Exercise description: In your reply, reproduce the lines from the first one below to the line containing "pmf) \<Rightarrow> 's", inclusive, exactly as they stand.

Stored items
★ ★ ★

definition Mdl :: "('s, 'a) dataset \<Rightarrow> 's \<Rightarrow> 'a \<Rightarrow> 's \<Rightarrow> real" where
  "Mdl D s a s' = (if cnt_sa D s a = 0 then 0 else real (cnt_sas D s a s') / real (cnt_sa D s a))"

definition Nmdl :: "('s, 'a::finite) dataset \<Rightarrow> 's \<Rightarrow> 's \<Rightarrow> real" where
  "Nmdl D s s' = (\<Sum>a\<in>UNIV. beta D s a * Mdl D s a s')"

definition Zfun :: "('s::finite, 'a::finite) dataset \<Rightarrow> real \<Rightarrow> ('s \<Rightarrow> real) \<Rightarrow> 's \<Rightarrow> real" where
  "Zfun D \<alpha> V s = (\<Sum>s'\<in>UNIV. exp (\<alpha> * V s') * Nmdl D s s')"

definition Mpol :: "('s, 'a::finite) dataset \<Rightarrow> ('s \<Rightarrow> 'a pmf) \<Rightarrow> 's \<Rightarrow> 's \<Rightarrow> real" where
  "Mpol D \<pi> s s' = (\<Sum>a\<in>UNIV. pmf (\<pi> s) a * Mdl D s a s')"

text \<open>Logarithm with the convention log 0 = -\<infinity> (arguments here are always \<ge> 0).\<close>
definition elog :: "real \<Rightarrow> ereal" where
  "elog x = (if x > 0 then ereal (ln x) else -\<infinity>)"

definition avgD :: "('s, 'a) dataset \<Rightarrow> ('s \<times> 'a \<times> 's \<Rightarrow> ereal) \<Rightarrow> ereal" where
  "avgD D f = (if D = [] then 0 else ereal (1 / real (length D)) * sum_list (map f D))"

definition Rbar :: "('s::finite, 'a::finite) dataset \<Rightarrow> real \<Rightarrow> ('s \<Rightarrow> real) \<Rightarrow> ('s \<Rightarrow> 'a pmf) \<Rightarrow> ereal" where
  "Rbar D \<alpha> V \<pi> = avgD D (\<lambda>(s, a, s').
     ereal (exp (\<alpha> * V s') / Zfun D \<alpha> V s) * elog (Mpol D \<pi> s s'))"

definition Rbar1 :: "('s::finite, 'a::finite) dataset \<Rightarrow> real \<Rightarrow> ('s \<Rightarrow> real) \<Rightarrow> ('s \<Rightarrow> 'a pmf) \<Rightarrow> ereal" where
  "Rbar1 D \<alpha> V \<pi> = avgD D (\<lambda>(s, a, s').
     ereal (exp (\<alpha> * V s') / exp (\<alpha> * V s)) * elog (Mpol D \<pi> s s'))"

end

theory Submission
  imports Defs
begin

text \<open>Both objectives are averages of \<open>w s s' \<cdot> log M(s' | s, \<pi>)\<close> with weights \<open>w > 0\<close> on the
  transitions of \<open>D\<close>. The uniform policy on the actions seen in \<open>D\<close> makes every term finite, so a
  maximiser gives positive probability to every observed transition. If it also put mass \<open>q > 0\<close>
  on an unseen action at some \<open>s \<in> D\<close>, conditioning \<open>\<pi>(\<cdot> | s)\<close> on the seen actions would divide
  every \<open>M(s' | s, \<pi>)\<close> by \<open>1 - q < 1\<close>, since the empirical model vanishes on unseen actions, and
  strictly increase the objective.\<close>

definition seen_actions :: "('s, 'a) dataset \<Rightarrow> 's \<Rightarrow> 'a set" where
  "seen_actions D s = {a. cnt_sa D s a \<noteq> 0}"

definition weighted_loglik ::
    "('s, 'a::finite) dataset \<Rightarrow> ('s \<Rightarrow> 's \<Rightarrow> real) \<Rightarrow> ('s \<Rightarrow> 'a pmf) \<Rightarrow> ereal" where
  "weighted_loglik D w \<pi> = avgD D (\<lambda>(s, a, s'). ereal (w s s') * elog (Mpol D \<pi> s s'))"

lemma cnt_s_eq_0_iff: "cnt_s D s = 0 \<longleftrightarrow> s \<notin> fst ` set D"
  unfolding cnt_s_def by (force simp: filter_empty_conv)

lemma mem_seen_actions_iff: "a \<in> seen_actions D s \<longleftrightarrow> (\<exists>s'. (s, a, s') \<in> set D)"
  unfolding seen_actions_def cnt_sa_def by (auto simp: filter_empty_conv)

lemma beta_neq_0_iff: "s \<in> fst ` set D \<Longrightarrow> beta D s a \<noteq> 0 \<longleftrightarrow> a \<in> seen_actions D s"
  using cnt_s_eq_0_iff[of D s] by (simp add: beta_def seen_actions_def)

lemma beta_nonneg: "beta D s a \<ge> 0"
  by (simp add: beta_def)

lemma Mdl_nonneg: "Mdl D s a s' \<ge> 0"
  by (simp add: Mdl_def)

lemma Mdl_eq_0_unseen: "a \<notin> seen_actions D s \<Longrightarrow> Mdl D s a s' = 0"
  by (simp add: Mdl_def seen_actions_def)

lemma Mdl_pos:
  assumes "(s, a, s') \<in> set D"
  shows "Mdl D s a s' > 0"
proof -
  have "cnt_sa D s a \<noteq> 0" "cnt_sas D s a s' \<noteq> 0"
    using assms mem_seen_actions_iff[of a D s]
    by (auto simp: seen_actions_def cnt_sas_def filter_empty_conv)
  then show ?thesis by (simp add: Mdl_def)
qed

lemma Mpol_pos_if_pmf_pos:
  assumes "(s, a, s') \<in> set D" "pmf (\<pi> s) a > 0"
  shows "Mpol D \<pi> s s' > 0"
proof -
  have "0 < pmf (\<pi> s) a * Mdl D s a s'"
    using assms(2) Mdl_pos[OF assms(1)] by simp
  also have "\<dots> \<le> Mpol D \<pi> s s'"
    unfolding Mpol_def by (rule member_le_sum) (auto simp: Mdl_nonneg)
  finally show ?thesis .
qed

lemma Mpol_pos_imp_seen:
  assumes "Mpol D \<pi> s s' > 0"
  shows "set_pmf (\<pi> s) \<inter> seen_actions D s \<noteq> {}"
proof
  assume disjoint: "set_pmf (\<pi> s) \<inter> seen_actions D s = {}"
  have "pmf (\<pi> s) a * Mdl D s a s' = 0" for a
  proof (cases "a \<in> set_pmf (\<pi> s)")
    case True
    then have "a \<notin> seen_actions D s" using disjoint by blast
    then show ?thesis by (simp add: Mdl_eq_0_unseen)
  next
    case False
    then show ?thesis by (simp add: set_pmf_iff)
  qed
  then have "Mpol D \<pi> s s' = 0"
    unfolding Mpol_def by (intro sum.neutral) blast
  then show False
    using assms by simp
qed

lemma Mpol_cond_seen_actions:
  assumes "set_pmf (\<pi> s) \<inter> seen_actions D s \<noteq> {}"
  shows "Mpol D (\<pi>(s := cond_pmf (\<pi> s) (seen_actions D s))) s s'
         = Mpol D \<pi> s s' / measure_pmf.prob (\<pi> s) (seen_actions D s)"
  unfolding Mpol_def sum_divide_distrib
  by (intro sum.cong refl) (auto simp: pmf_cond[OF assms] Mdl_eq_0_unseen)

★ ★ ★

Reply:
definition Mdl :: "('s, 'a) dataset \<Rightarrow> 's \<Rightarrow> 'a \<Rightarrow> 's \<Rightarrow> real" where
  "Mdl D s a s' = (if cnt_sa D s a = 0 then 0 else real (cnt_sas D s a s') / real (cnt_sa D s a))"

definition Nmdl :: "('s, 'a::finite) dataset \<Rightarrow> 's \<Rightarrow> 's \<Rightarrow> real" where
  "Nmdl D s s' = (\<Sum>a\<in>UNIV. beta D s a * Mdl D s a s')"

definition Zfun :: "('s::finite, 'a::finite) dataset \<Rightarrow> real \<Rightarrow> ('s \<Rightarrow> real) \<Rightarrow> 's \<Rightarrow> real" where
  "Zfun D \<alpha> V s = (\<Sum>s'\<in>UNIV. exp (\<alpha> * V s') * Nmdl D s s')"

definition Mpol :: "('s, 'a::finite) dataset \<Rightarrow> ('s \<Rightarrow> 'a pmf) \<Rightarrow> 's \<Rightarrow> 's \<Rightarrow> real" where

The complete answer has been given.